Il complesso di tre palazzine e giardino è sorto nel 2008, se ne sono occupate due società, entrambe fallite. L’avvocatura del Comune ha chiesto al curatore fallimentare di prendere in carico il terreno. Tutte e due le società avevano ottenuto una fideiussione dal Comune: il parco sarebbe stato pubblico e quindi di responsabilità comunale. Della polizza si erano perse le tracce fino a ieri, quando una delegazione dei residenti di via Refrancore ha incontrato l’assessore all’ambiente Alberto Unia. “Ci hanno detto che il terreno non è ancora passato al Comune” spiega Luigi Vaccaro, che da mesi si occupa del problema. “L’avvocatura del Comune si è interessata, ma a noi non basta. Entro la prossima settimana formeremo un comitato spontaneo”.

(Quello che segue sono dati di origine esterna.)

lemma sqfree_stanley_decomp_of_clique_intervals:
  assumes G: "simple_graph n V E" and D: "clique_interval_partition (complement_edges V E) V D"
  defines "extend \<equiv> \<lambda>(\<sigma>, \<tau>). (\<sigma>, \<tau> \<union> ({1..n} - V))"
  shows "sqfree_stanley_decomp n E (extend ` D)"
  unfolding sqfree_stanley_decomp_def
proof (intro conjI allI impI)
  note interval = clique_interval_partition_interval[OF D]
  have V: "V \<subseteq> {1..n}" using G unfolding simple_graph_def by blast
  have piece_iff: "f \<in> stanley_piece (fst (extend p)) (snd (extend p)) \<longleftrightarrow>
      fst p \<subseteq> support f \<inter> V \<and> support f \<inter> V \<subseteq> snd p"
    if "p \<in> D" "support f \<subseteq> {1..n}" for p f
    using mem_stanley_piece_extend_iff[OF interval(2,3)[of "fst p" "snd p"]] that
    unfolding extend_def by (simp add: case_prod_beta)
  show "finite (extend ` D)" using D unfolding clique_interval_partition_def by simp
  show "\<forall>(u, Z) \<in> extend ` D. Z \<subseteq> {1..n} \<and> u \<subseteq> Z \<and> stanley_piece u Z \<subseteq> Collect (std_monomial n E)"
  proof
    fix x assume "x \<in> extend ` D"
    then obtain \<sigma> \<tau> where p: "(\<sigma>, \<tau>) \<in> D" and x: "x = (\<sigma>, \<tau> \<union> ({1..n} - V))"
      unfolding extend_def by auto
    then show "case x of (u, Z) \<Rightarrow> Z \<subseteq> {1..n} \<and> u \<subseteq> Z \<and> stanley_piece u Z \<subseteq> Collect (std_monomial n E)"
      using interval(2,3)[OF p] V stanley_piece_extend_subset_std[OF G D p] by auto
  qed
  fix f assume "std_monomial n E f"
  then have f: "support f \<subseteq> {1..n}" "clique (complement_edges V E) (support f \<inter> V)"
    using std_monomial_iff_clique[OF G] by blast+
  from clique_interval_partition_cover[OF D Int_lower2 f(2)]
  obtain p where p: "p \<in> D" "fst p \<subseteq> support f \<inter> V" "support f \<inter> V \<subseteq> snd p"
    and unique: "\<And>q. q \<in> D \<Longrightarrow> fst q \<subseteq> support f \<inter> V \<Longrightarrow> support f \<inter> V \<subseteq> snd q \<Longrightarrow> q = p"
    by (elim ex1E) blast
  show "\<exists>!x. x \<in> extend ` D \<and> f \<in> stanley_piece (fst x) (snd x)"
  proof (rule ex1I[of _ "extend p"])
    show "extend p \<in> extend ` D \<and> f \<in> stanley_piece (fst (extend p)) (snd (extend p))"
      using p piece_iff[OF p(1) f(1)] by blast
    fix x assume x: "x \<in> extend ` D \<and> f \<in> stanley_piece (fst x) (snd x)"
    then obtain q where "q \<in> D" "x = extend q" by blast
    then show "x = extend p" using x piece_iff[OF _ f(1)] unique by blast
  qed
qed

theorem theorem5p5:
  fixes n :: nat and V :: "nat set" and E :: "nat set set"
  assumes "simple_graph n V E"
    and "co_chordal V E"
    and "E \<noteq> {}"
  shows "sreg n E \<le> 1"
proof -
  have "finite V"
    using assms(1) finite_subset[of V "{1..n}"] unfolding simple_graph_def by blast
  then obtain D where D: "clique_interval_partition (complement_edges V E) V D"
    using chordal_clique_interval_partition complement_edges_irrefl assms(2)
    unfolding co_chordal_def by blast
  let ?D = "(\<lambda>(\<sigma>, \<tau>). (\<sigma>, \<tau> \<union> ({1..n} - V))) ` D"
  have "sqfree_stanley_decomp n E ?D"
    using sqfree_stanley_decomp_of_clique_intervals[OF assms(1) D] .
  moreover have "\<forall>(u, Z) \<in> ?D. card u \<le> 1"
    using clique_interval_partition_interval(1)[OF D] by auto
  ultimately show ?thesis unfolding sreg_def by (intro Least_le) blast
qed

end
lemma tau_open_box_empty: "tau_open p X (box p X {})"
proof (rule tau_openI)
  show "box p X {} \<subseteq> QpX p X" by (rule box_subset_QpX) simp
  fix P \<xi>0 assume "finite P" "P \<subseteq> X" "\<xi>0 \<in> box p X {}" "\<xi>0 \<in> box p X P"
  then have "\<xi> \<in> box p X {}" if "\<xi> \<in> box p X P" "\<forall>j\<in>P. j \<in> X \<longrightarrow> agree 0 (\<xi> j) (\<xi>0 j)" for \<xi>
    using that unfolding box_def padic_int_iff val_ge_def agree_def by auto
  then show "\<exists>F n. finite F \<and> (\<forall>\<xi>\<in>box p X P. (\<forall>j\<in>F. j \<in> X \<longrightarrow> agree n (\<xi> j) (\<xi>0 j)) \<longrightarrow>
      \<xi> \<in> box p X {})"
    using \<open>finite P\<close> by blast
qed

lemma op_bound_from_level:
  assumes T: "T \<in> Bops p X" and a: "a \<ge> 0"
    and h: "\<And>\<xi>. \<xi> \<in> QpX p X \<Longrightarrow> vval_ge X \<xi> a \<Longrightarrow> vval_ge X (T \<xi>) b"
  shows "op_bound p X T (a - b)"
  unfolding op_bound_def
proof (intro ballI allI impI)
  fix \<xi> n assume x: "\<xi> \<in> QpX p X" and l: "vval_ge X \<xi> n"
  show "vval_ge X (T \<xi>) (n - (a - b))"
  proof (cases "n \<le> a")
    case True
    define j where "j = a - n"
    have j: "j \<ge> 0" using True unfolding j_def by simp
    have x': "vshift X j \<xi> \<in> QpX p X" using vshift_QpX[OF x] j by simp
    have "vval_ge X (vshift X j \<xi>) a" using vval_ge_vshift[where j=j and \<xi>=\<xi> and n=n] l
      unfolding j_def by simp
    then have "vval_ge X (T (vshift X j \<xi>)) b" using h x' by blast
    then have "vval_ge X (vshift X j (T \<xi>)) ((b - j) + j)" using Bops_shift[OF T j x] by simp
    then have "vval_ge X (T \<xi>) (b - j)" using vval_ge_vshift by blast
    then show ?thesis unfolding j_def by (simp add: algebra_simps)
  next
    case False
    define j where "j = n - a"
    have j: "j > 0" using False unfolding j_def by simp
    have lj: "vval_ge X \<xi> (- (- j))" using l vval_ge_mono[where m=j and n=n] a unfolding j_def
      by simp
    have x': "vshift X (- j) \<xi> \<in> QpX p X" using vshift_QpX[OF x] lj by blast
    have "vval_ge X (vshift X (- j) \<xi>) (n + - j)" using vval_ge_vshift l by blast
    then have "vval_ge X (T (vshift X (- j) \<xi>)) b" using h x' unfolding j_def by simp
    moreover have "\<xi> = vshift X j (vshift X (- j) \<xi>)"
      using vshift_vshift[where a=j and b="- j" and \<xi>=\<xi>] vshift_0[OF x] by simp
    then have "T \<xi> = vshift X j (T (vshift X (- j) \<xi>))" using Bops_shift[OF T _ x', of j] j by simp
    ultimately have "vval_ge X (T \<xi>) (b + j)"
      using vval_ge_vshift[where j=j and \<xi>="T (vshift X (- j) \<xi>)" and n=b] by simp
    then show ?thesis unfolding j_def by (simp add: algebra_simps)
  qed
qed

lemma Bops_op_bound_ex:
  assumes T: "T \<in> Bops p X"
  shows "\<exists>m. op_bound p X T m"
proof -
  have V: "tau_open p X {\<xi> \<in> QpX p X. T \<xi> \<in> box p X {}}"
    using Bops_tau[OF T] tau_open_box_empty unfolding tau_continuous_def by blast
  have z: "vzero X \<in> box p X {}"
    using vzero_QpX unfolding box_empty_iff QpX_def vval_ge_iff_vagree_zero
      by (simp add: vagree_def agree_def)
  have zV: "vzero X \<in> {\<xi> \<in> QpX p X. T \<xi> \<in> box p X {}}"
    using Bops_zero[OF T] z vzero_QpX by simp
  obtain F n where F: "\<And>\<xi>. \<xi> \<in> box p X {} \<Longrightarrow>
      \<forall>j\<in>F. j \<in> X \<longrightarrow> agree n (\<xi> j) (vzero X j) \<Longrightarrow> \<xi> \<in> {\<xi> \<in> QpX p X. T \<xi> \<in> box p X {}}"
    using tau_open_local_cylinder[OF V finite.emptyI empty_subsetI zV z] by blast
  have "op_bound p X T (max n 0 - 0)"
  proof (rule op_bound_from_level[OF T])
    fix \<xi> assume x: "\<xi> \<in> QpX p X" and l: "vval_ge X \<xi> (max n 0)"
    have "\<xi> \<in> box p X {}"
      using x l vval_ge_mono[of 0 "max n 0"] unfolding box_empty_iff QpX_def by auto
    moreover have "\<forall>j\<in>F. j \<in> X \<longrightarrow> agree n (\<xi> j) (vzero X j)"
      using l vval_ge_mono[of n "max n 0"] unfolding vval_ge_iff_vagree_zero vagree_def by auto
    ultimately show "vval_ge X (T \<xi>) 0" using F box_empty_iff by blast
  qed simp
  then show ?thesis by blast
qed

end

section \<open>The operator norm\<close>

context padic_space
begin

lemma vnorm_le_1_iff: "\<xi> \<in> QpX p X \<Longrightarrow> vnorm p X \<xi> \<le> 1 \<longleftrightarrow> vval_ge X \<xi> 0"
  using vnorm_le_iff[where \<xi>=\<xi> and n=0] by simp

lemma op_norm_le_ppow:
  assumes "\<And>\<xi>. \<xi> \<in> QpX p X \<Longrightarrow> T \<xi> \<in> QpX p X"
    and "\<And>\<xi>. \<xi> \<in> QpX p X \<Longrightarrow> vval_ge X \<xi> 0 \<Longrightarrow> vval_ge X (T \<xi>) (- m)"
  shows "op_norm p X T \<le> real p powi m"
  unfolding op_norm_def
proof (rule cSup_least)
  fix y assume "y \<in> insert 0 {vnorm p X (T \<xi>) | \<xi>. \<xi> \<in> QpX p X \<and> vnorm p X \<xi> \<le> 1}"
  then show "y \<le> real p powi m"
  proof
    assume "y = 0" then show ?thesis by simp
  next
    assume "y \<in> {vnorm p X (T \<xi>) | \<xi>. \<xi> \<in> QpX p X \<and> vnorm p X \<xi> \<le> 1}"
    then obtain \<xi> where x: "\<xi> \<in> QpX p X" "vnorm p X \<xi> \<le> 1" "y = vnorm p X (T \<xi>)" by blast
    then have "vval_ge X (T \<xi>) (- m)" using assms(2) vnorm_le_1_iff by blast
    then show ?thesis using vnorm_le_iff[OF assms(1)[OF x(1)], of "- m"] x by simp
  qed
qed simp

lemma op_norm_le_of_op_bound:
  assumes "\<And>\<xi>. \<xi> \<in> QpX p X \<Longrightarrow> T \<xi> \<in> QpX p X" "op_bound p X T m"
  shows "op_norm p X T \<le> real p powi m"
proof (rule op_norm_le_ppow[OF assms(1)])
  fix \<xi> assume "\<xi> \<in> QpX p X" "vval_ge X \<xi> 0"
  then show "vval_ge X (T \<xi>) (- m)" using assms(2)[unfolded op_bound_def, rule_format, of \<xi> 0]
    by simp
qed

lemma op_norm_set_bdd_above:
  assumes TQ: "\<And>\<xi>. \<xi> \<in> QpX p X \<Longrightarrow> T \<xi> \<in> QpX p X"
    and Tm: "\<And>\<xi>. \<xi> \<in> QpX p X \<Longrightarrow> vval_ge X \<xi> 0 \<Longrightarrow> vval_ge X (T \<xi>) (- m)"
  shows "bdd_above (insert 0 {vnorm p X (T \<xi>) | \<xi>. \<xi> \<in> QpX p X \<and> vnorm p X \<xi> \<le> 1})"
proof (rule bdd_aboveI[where M = "real p powi m"])
  fix y assume "y \<in> insert 0 {vnorm p X (T \<xi>) | \<xi>. \<xi> \<in> QpX p X \<and> vnorm p X \<xi> \<le> 1}"
  then consider "y = 0" | \<eta> where "\<eta> \<in> QpX p X" "vnorm p X \<eta> \<le> 1" "y = vnorm p X (T \<eta>)"
    by blast
  then show "y \<le> real p powi m"
  proof cases
    case 1 then show ?thesis using p_gt_1 by simp
  next
    case 2
    then have "vval_ge X (T \<eta>) (- m)" using Tm vnorm_le_1_iff by blast
    then show ?thesis using vnorm_le_iff[OF TQ[OF 2(1)], of "- m"] 2 by simp
  qed
qed

lemma op_norm_nonneg:
  assumes "\<And>\<xi>. \<xi> \<in> QpX p X \<Longrightarrow> T \<xi> \<in> QpX p X"
    and "\<And>\<xi>. \<xi> \<in> QpX p X \<Longrightarrow> vval_ge X \<xi> 0 \<Longrightarrow> vval_ge X (T \<xi>) (- m)"
  shows "0 \<le> op_norm p X T"
  unfolding op_norm_def by (rule cSup_upper[OF _ op_norm_set_bdd_above[OF assms]]) simp

lemma vnorm_le_op_norm:
  assumes T: "T \<in> Bops p X" and x: "\<xi> \<in> QpX p X" "vnorm p X \<xi> \<le> 1"
  shows "vnorm p X (T \<xi>) \<le> op_norm p X T"
proof -
  obtain m where m: "op_bound p X T m" using Bops_op_bound_ex[OF T] by blast
  have "vval_ge X (T \<eta>) (- m)" if "\<eta> \<in> QpX p X" "vval_ge X \<eta> 0" for \<eta>
    using m[unfolded op_bound_def, rule_format, OF that] by simp
  note bdd = op_norm_set_bdd_above[OF Bops_QpX[OF T] this]
  have "vnorm p X (T \<xi>) \<in> insert 0 {vnorm p X (T \<xi>) | \<xi>. \<xi> \<in> QpX p X \<and> vnorm p X \<xi> \<le> 1}"
    using x by blast
  then show ?thesis unfolding op_norm_def by (rule cSup_upper[OF _ bdd])
qed

lemma op_bound_of_op_norm_less:
  assumes T: "T \<in> Bops p X" and lt: "op_norm p X T < real p powi m"
  shows "op_bound p X T (m - 1)"
  unfolding op_bound_def
proof (intro ballI allI impI)
  fix \<xi> n assume x: "\<xi> \<in> QpX p X" and l: "vval_ge X \<xi> n"
  define \<xi>' where "\<xi>' = vshift X (- n) \<xi>"
  have x': "\<xi>' \<in> QpX p X" unfolding \<xi>'_def by (rule vshift_QpX[OF x]) (use l in simp)
  have l': "vval_ge X \<xi>' 0" using vval_ge_vshift[where j="- n" and \<xi>=\<xi> and n=n] l unfolding \<xi>'_def
    by simp
  have "vnorm p X (T \<xi>') \<le> op_norm p X T"
    using vnorm_le_op_norm[OF T x'] x' l' vnorm_le_1_iff by simp
  then have "vnorm p X (T \<xi>') < real p powi (- (1 - m) + 1)" using lt by simp
  then have t': "vval_ge X (T \<xi>') (1 - m)"
    using vval_ge_of_vnorm_less[OF Bops_QpX[OF T x'], where n = "1 - m"] by simp
  show "vval_ge X (T \<xi>) (n - (m - 1))"
  proof (cases "n \<ge> 0")
    case True
    have "\<xi> = vshift X n \<xi>'" unfolding \<xi>'_def vshift_vshift using vshift_0[OF x] by simp
    then have "T \<xi> = vshift X n (T \<xi>')" using Bops_shift[OF T True x'] by simp
    then show ?thesis using vval_ge_vshift[where j=n and \<xi>="T \<xi>'" and n="1 - m"] t'
      by (simp add: algebra_simps)
  next
    case False
    have "T \<xi>' = vshift X (- n) (T \<xi>)" unfolding \<xi>'_def using Bops_shift[OF T _ x] False by simp
    then show ?thesis using vval_ge_vshift[where j="- n" and \<xi>="T \<xi>" and n="n - (m - 1)"] t'
      by (simp add: algebra_simps)
  qed
qed

lemma op_bound_all_eq_zero:
  assumes T: "T \<in> Bops p X" and all: "\<And>m. op_bound p X T m"
  shows "T = op_zero p X"
proof (rule extensionalityI[OF Bops_ext[OF T]])
  show "op_zero p X \<in> extensional (QpX p X)" unfolding op_zero_def by simp
  fix \<xi> assume x: "\<xi> \<in> QpX p X"
  obtain n1 where n1: "vval_ge X \<xi> n1" using QpX_vval_ge_ex[OF x] by blast
  have "vagree X n (T \<xi>) (vzero X)" for n
    using all[of "n1 - n"] x n1 unfolding op_bound_def vval_ge_iff_vagree_zero by fastforce
  then show "T \<xi> = op_zero p X \<xi>"
    using QpX_eqI[OF Bops_QpX[OF T x] vzero_QpX] x unfolding op_zero_def by simp
qed

lemma op_bound_sharp_ex:
  assumes T: "T \<in> Bops p X" and nz: "T \<noteq> op_zero p X"
  shows "\<exists>a. op_bound p X T a \<and> \<not> op_bound p X T (a - 1)"
proof (rule ccontr)
  assume "\<not> ?thesis"
  then have step: "op_bound p X T a \<Longrightarrow> op_bound p X T (a - 1)" for a by blast
  obtain m0 where b0: "op_bound p X T m0" using Bops_op_bound_ex[OF T] by blast
  have down: "op_bound p X T (m0 - int k)" for k
    by (induction k) (use b0 step in \<open>simp_all add: diff_add_eq_diff_diff_swap\<close>)
  have "op_bound p X T m" for m
    using down[of "nat (m0 - m)"] op_bound_mono[of T "m0 - int (nat (m0 - m))" m] by simp
  then show False using op_bound_all_eq_zero[OF T] nz by blast
qed

lemma op_norm_eq_ppow:
  assumes T: "T \<in> Bops p X" and b: "op_bound p X T a" and nb: "\<not> op_bound p X T (a - 1)"
  shows "op_norm p X T = real p powi a"
proof -
  have "op_norm p X T \<le> real p powi a" using op_norm_le_of_op_bound[OF _ b] T by simp
  moreover have "\<not> op_norm p X T < real p powi a" using op_bound_of_op_norm_less[OF T] nb by blast
  ultimately show ?thesis by simp
qed

lemma idempotent_op_norm:
  assumes e: "e \<in> Bops p X" and idem: "op_comp p X e e = e" and nz: "e \<noteq> op_zero p X"
  obtains a where "0 \<le> a" "op_bound p X e a" "op_norm p X e = real p powi a"
proof -
  obtain a where a: "op_bound p X e a" "\<not> op_bound p X e (a - 1)"
    using op_bound_sharp_ex[OF e nz] by blast
  have "0 \<le> a"
  proof (rule ccontr)
    assume "\<not> 0 \<le> a"
    have "op_bound p X e (a + a)" using op_bound_comp[OF e e a(1) a(1)] idem by simp
    then have "op_bound p X e (a - 1)" by (rule op_bound_mono) (use \<open>\<not> 0 \<le> a\<close> in simp)
    then show False using a(2) by blast
  qed
  then show thesis using that a(1) op_norm_eq_ppow[OF e a] by blast
qed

Intanto la foresta cresce, e cambia volto: da giardino condominiale che doveva essere, a discarica. Ci sono alberi che sono cresciuti selvaggi, l’erba arriva fino alla vita e pezzi di legno sporgono da una recinzione in filo di ferro, piena di buchi ma che comunque non dovrebbe esserci. “Quei sacchetti sono lì da giorni” dice Vaccaro indicando un pezzo di recinzione strappato. È partita già una raccolta firme con un buon successo tra i residenti di tutto il quartiere e non solo delle palazzine di via Refrancore. “Siamo arrivati al limite, se entro il 30 giugno il Comune non si è mosso lo faremo noi: abbiamo già comprato tagliaerba e motoseghe. Anche a costo di beccarci una denuncia, questa foresta deve venire via”.